TASK DESCRIPTION: Without leaving anything out, print every line of the data.

*** Opening EXERCISE DATA ***

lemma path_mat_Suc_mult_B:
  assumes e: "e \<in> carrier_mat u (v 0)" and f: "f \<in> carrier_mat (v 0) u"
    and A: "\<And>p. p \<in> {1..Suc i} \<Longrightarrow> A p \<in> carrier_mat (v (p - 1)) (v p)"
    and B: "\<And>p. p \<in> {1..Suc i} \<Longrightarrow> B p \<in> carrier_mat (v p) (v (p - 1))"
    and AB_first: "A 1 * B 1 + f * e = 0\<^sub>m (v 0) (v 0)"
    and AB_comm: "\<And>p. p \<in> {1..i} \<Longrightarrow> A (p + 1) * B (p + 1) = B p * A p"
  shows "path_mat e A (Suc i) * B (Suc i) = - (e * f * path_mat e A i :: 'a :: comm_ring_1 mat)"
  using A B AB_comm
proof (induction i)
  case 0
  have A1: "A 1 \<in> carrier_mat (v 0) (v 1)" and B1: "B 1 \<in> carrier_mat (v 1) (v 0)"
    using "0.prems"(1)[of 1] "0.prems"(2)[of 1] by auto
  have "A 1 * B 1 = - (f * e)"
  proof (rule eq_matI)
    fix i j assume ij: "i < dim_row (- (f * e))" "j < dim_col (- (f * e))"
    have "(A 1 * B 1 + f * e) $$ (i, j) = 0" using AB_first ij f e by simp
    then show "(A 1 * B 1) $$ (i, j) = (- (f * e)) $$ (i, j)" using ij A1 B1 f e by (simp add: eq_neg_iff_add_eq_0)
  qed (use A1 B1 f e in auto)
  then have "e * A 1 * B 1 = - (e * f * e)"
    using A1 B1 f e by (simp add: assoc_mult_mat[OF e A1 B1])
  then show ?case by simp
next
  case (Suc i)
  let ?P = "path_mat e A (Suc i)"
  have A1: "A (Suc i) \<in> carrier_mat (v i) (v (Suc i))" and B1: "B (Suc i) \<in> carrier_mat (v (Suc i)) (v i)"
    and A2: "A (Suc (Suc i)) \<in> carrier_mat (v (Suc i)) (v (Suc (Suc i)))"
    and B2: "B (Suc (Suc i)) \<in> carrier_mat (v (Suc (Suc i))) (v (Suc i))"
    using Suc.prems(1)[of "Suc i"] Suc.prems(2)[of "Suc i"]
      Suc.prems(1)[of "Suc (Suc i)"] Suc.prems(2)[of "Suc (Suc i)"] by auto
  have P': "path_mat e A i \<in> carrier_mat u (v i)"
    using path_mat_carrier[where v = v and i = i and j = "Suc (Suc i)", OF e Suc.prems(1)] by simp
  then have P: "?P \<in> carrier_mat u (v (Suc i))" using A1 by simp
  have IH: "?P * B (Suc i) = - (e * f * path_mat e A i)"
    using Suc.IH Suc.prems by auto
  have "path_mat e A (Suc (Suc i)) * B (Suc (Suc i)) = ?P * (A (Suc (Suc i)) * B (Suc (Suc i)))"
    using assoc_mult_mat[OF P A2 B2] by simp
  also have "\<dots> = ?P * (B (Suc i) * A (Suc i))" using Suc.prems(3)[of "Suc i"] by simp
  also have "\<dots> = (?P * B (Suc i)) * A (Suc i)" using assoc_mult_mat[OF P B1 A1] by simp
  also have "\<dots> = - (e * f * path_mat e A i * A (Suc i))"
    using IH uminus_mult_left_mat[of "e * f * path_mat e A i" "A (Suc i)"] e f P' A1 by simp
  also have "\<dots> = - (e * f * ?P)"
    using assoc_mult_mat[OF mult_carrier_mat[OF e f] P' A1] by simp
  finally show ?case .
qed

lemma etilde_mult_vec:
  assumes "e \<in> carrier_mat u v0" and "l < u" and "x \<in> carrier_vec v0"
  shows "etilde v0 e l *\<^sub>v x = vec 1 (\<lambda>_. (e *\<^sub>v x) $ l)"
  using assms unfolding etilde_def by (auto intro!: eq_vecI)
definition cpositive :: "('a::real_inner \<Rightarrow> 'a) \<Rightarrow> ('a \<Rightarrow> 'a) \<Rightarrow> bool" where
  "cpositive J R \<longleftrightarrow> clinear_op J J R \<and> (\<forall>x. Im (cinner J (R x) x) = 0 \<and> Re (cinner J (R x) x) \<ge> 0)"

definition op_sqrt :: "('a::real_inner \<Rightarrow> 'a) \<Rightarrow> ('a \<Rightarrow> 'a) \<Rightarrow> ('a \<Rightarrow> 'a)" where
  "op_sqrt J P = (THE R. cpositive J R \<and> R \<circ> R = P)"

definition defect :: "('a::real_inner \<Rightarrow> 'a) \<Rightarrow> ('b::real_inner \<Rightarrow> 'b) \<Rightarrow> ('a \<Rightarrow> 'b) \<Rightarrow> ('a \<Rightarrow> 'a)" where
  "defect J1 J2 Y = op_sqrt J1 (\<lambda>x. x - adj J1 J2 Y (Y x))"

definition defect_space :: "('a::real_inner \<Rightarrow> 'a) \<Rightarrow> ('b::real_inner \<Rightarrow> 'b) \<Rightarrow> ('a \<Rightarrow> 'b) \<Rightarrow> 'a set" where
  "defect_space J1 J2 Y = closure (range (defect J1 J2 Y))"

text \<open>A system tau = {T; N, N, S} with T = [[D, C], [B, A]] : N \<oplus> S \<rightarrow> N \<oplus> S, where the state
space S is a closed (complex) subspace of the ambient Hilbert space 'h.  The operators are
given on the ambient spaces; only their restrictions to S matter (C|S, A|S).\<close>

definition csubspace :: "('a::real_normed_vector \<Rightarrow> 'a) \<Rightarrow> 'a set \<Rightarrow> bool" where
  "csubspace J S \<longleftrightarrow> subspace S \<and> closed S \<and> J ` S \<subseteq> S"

*** Closing EXERCISE DATA ***

RESPONSE TO THE EXERCISE:
lemma path_mat_Suc_mult_B:
  assumes e: "e \<in> carrier_mat u (v 0)" and f: "f \<in> carrier_mat (v 0) u"
    and A: "\<And>p. p \<in> {1..Suc i} \<Longrightarrow> A p \<in> carrier_mat (v (p - 1)) (v p)"
    and B: "\<And>p. p \<in> {1..Suc i} \<Longrightarrow> B p \<in> carrier_mat (v p) (v (p - 1))"
    and AB_first: "A 1 * B 1 + f * e = 0\<^sub>m (v 0) (v 0)"
    and AB_comm: "\<And>p. p \<in> {1..i} \<Longrightarrow> A (p + 1) * B (p + 1) = B p * A p"
  shows "path_mat e A (Suc i) * B (Suc i) = - (e * f * path_mat e A i :: 'a :: comm_ring_1 mat)"
  using A B AB_comm
proof (induction i)
  case 0
  have A1: "A 1 \<in> carrier_mat (v 0) (v 1)" and B1: "B 1 \<in> carrier_mat (v 1) (v 0)"
    using "0.prems"(1)[of 1] "0.prems"(2)[of 1] by auto
  have "A 1 * B 1 = - (f * e)"
  proof (rule eq_matI)
    fix i j assume ij: "i < dim_row (- (f * e))" "j < dim_col (- (f * e))"
    have "(A 1 * B 1 + f * e) $$ (i, j) = 0" using AB_first ij f e by simp
    then show "(A 1 * B 1) $$ (i, j) = (- (f * e)) $$ (i, j)" using ij A1 B1 f e by (simp add: eq_neg_iff_add_eq_0)
  qed (use A1 B1 f e in auto)
  then have "e * A 1 * B 1 = - (e * f * e)"
    using A1 B1 f e by (simp add: assoc_mult_mat[OF e A1 B1])
  then show ?case by simp
next
  case (Suc i)
  let ?P = "path_mat e A (Suc i)"
  have A1: "A (Suc i) \<in> carrier_mat (v i) (v (Suc i))" and B1: "B (Suc i) \<in> carrier_mat (v (Suc i)) (v i)"
    and A2: "A (Suc (Suc i)) \<in> carrier_mat (v (Suc i)) (v (Suc (Suc i)))"
    and B2: "B (Suc (Suc i)) \<in> carrier_mat (v (Suc (Suc i))) (v (Suc i))"
    using Suc.prems(1)[of "Suc i"] Suc.prems(2)[of "Suc i"]
      Suc.prems(1)[of "Suc (Suc i)"] Suc.prems(2)[of "Suc (Suc i)"] by auto
  have P': "path_mat e A i \<in> carrier_mat u (v i)"
    using path_mat_carrier[where v = v and i = i and j = "Suc (Suc i)", OF e Suc.prems(1)] by simp
  then have P: "?P \<in> carrier_mat u (v (Suc i))" using A1 by simp
  have IH: "?P * B (Suc i) = - (e * f * path_mat e A i)"
    using Suc.IH Suc.prems by auto
  have "path_mat e A (Suc (Suc i)) * B (Suc (Suc i)) = ?P * (A (Suc (Suc i)) * B (Suc (Suc i)))"
    using assoc_mult_mat[OF P A2 B2] by simp
  also have "\<dots> = ?P * (B (Suc i) * A (Suc i))" using Suc.prems(3)[of "Suc i"] by simp
  also have "\<dots> = (?P * B (Suc i)) * A (Suc i)" using assoc_mult_mat[OF P B1 A1] by simp
  also have "\<dots> = - (e * f * path_mat e A i * A (Suc i))"
    using IH uminus_mult_left_mat[of "e * f * path_mat e A i" "A (Suc i)"] e f P' A1 by simp
  also have "\<dots> = - (e * f * ?P)"
    using assoc_mult_mat[OF mult_carrier_mat[OF e f] P' A1] by simp
  finally show ?case .
qed

lemma etilde_mult_vec:
  assumes "e \<in> carrier_mat u v0" and "l < u" and "x \<in> carrier_vec v0"
  shows "etilde v0 e l *\<^sub>v x = vec 1 (\<lambda>_. (e *\<^sub>v x) $ l)"
  using assms unfolding etilde_def by (auto intro!: eq_vecI)
definition cpositive :: "('a::real_inner \<Rightarrow> 'a) \<Rightarrow> ('a \<Rightarrow> 'a) \<Rightarrow> bool" where
  "cpositive J R \<longleftrightarrow> clinear_op J J R \<and> (\<forall>x. Im (cinner J (R x) x) = 0 \<and> Re (cinner J (R x) x) \<ge> 0)"

definition op_sqrt :: "('a::real_inner \<Rightarrow> 'a) \<Rightarrow> ('a \<Rightarrow> 'a) \<Rightarrow> ('a \<Rightarrow> 'a)" where
  "op_sqrt J P = (THE R. cpositive J R \<and> R \<circ> R = P)"

definition defect :: "('a::real_inner \<Rightarrow> 'a) \<Rightarrow> ('b::real_inner \<Rightarrow> 'b) \<Rightarrow> ('a \<Rightarrow> 'b) \<Rightarrow> ('a \<Rightarrow> 'a)" where
  "defect J1 J2 Y = op_sqrt J1 (\<lambda>x. x - adj J1 J2 Y (Y x))"

definition defect_space :: "('a::real_inner \<Rightarrow> 'a) \<Rightarrow> ('b::real_inner \<Rightarrow> 'b) \<Rightarrow> ('a \<Rightarrow> 'b) \<Rightarrow> 'a set" where
  "defect_space J1 J2 Y = closure (range (defect J1 J2 Y))"

text \<open>A system tau = {T; N, N, S} with T = [[D, C], [B, A]] : N \<oplus> S \<rightarrow> N \<oplus> S, where the state
space S is a closed (complex) subspace of the ambient Hilbert space 'h.  The operators are
given on the ambient spaces; only their restrictions to S matter (C|S, A|S).\<close>

definition csubspace :: "('a::real_normed_vector \<Rightarrow> 'a) \<Rightarrow> 'a set \<Rightarrow> bool" where
  "csubspace J S \<longleftrightarrow> subspace S \<and> closed S \<and> J ` S \<subseteq> S"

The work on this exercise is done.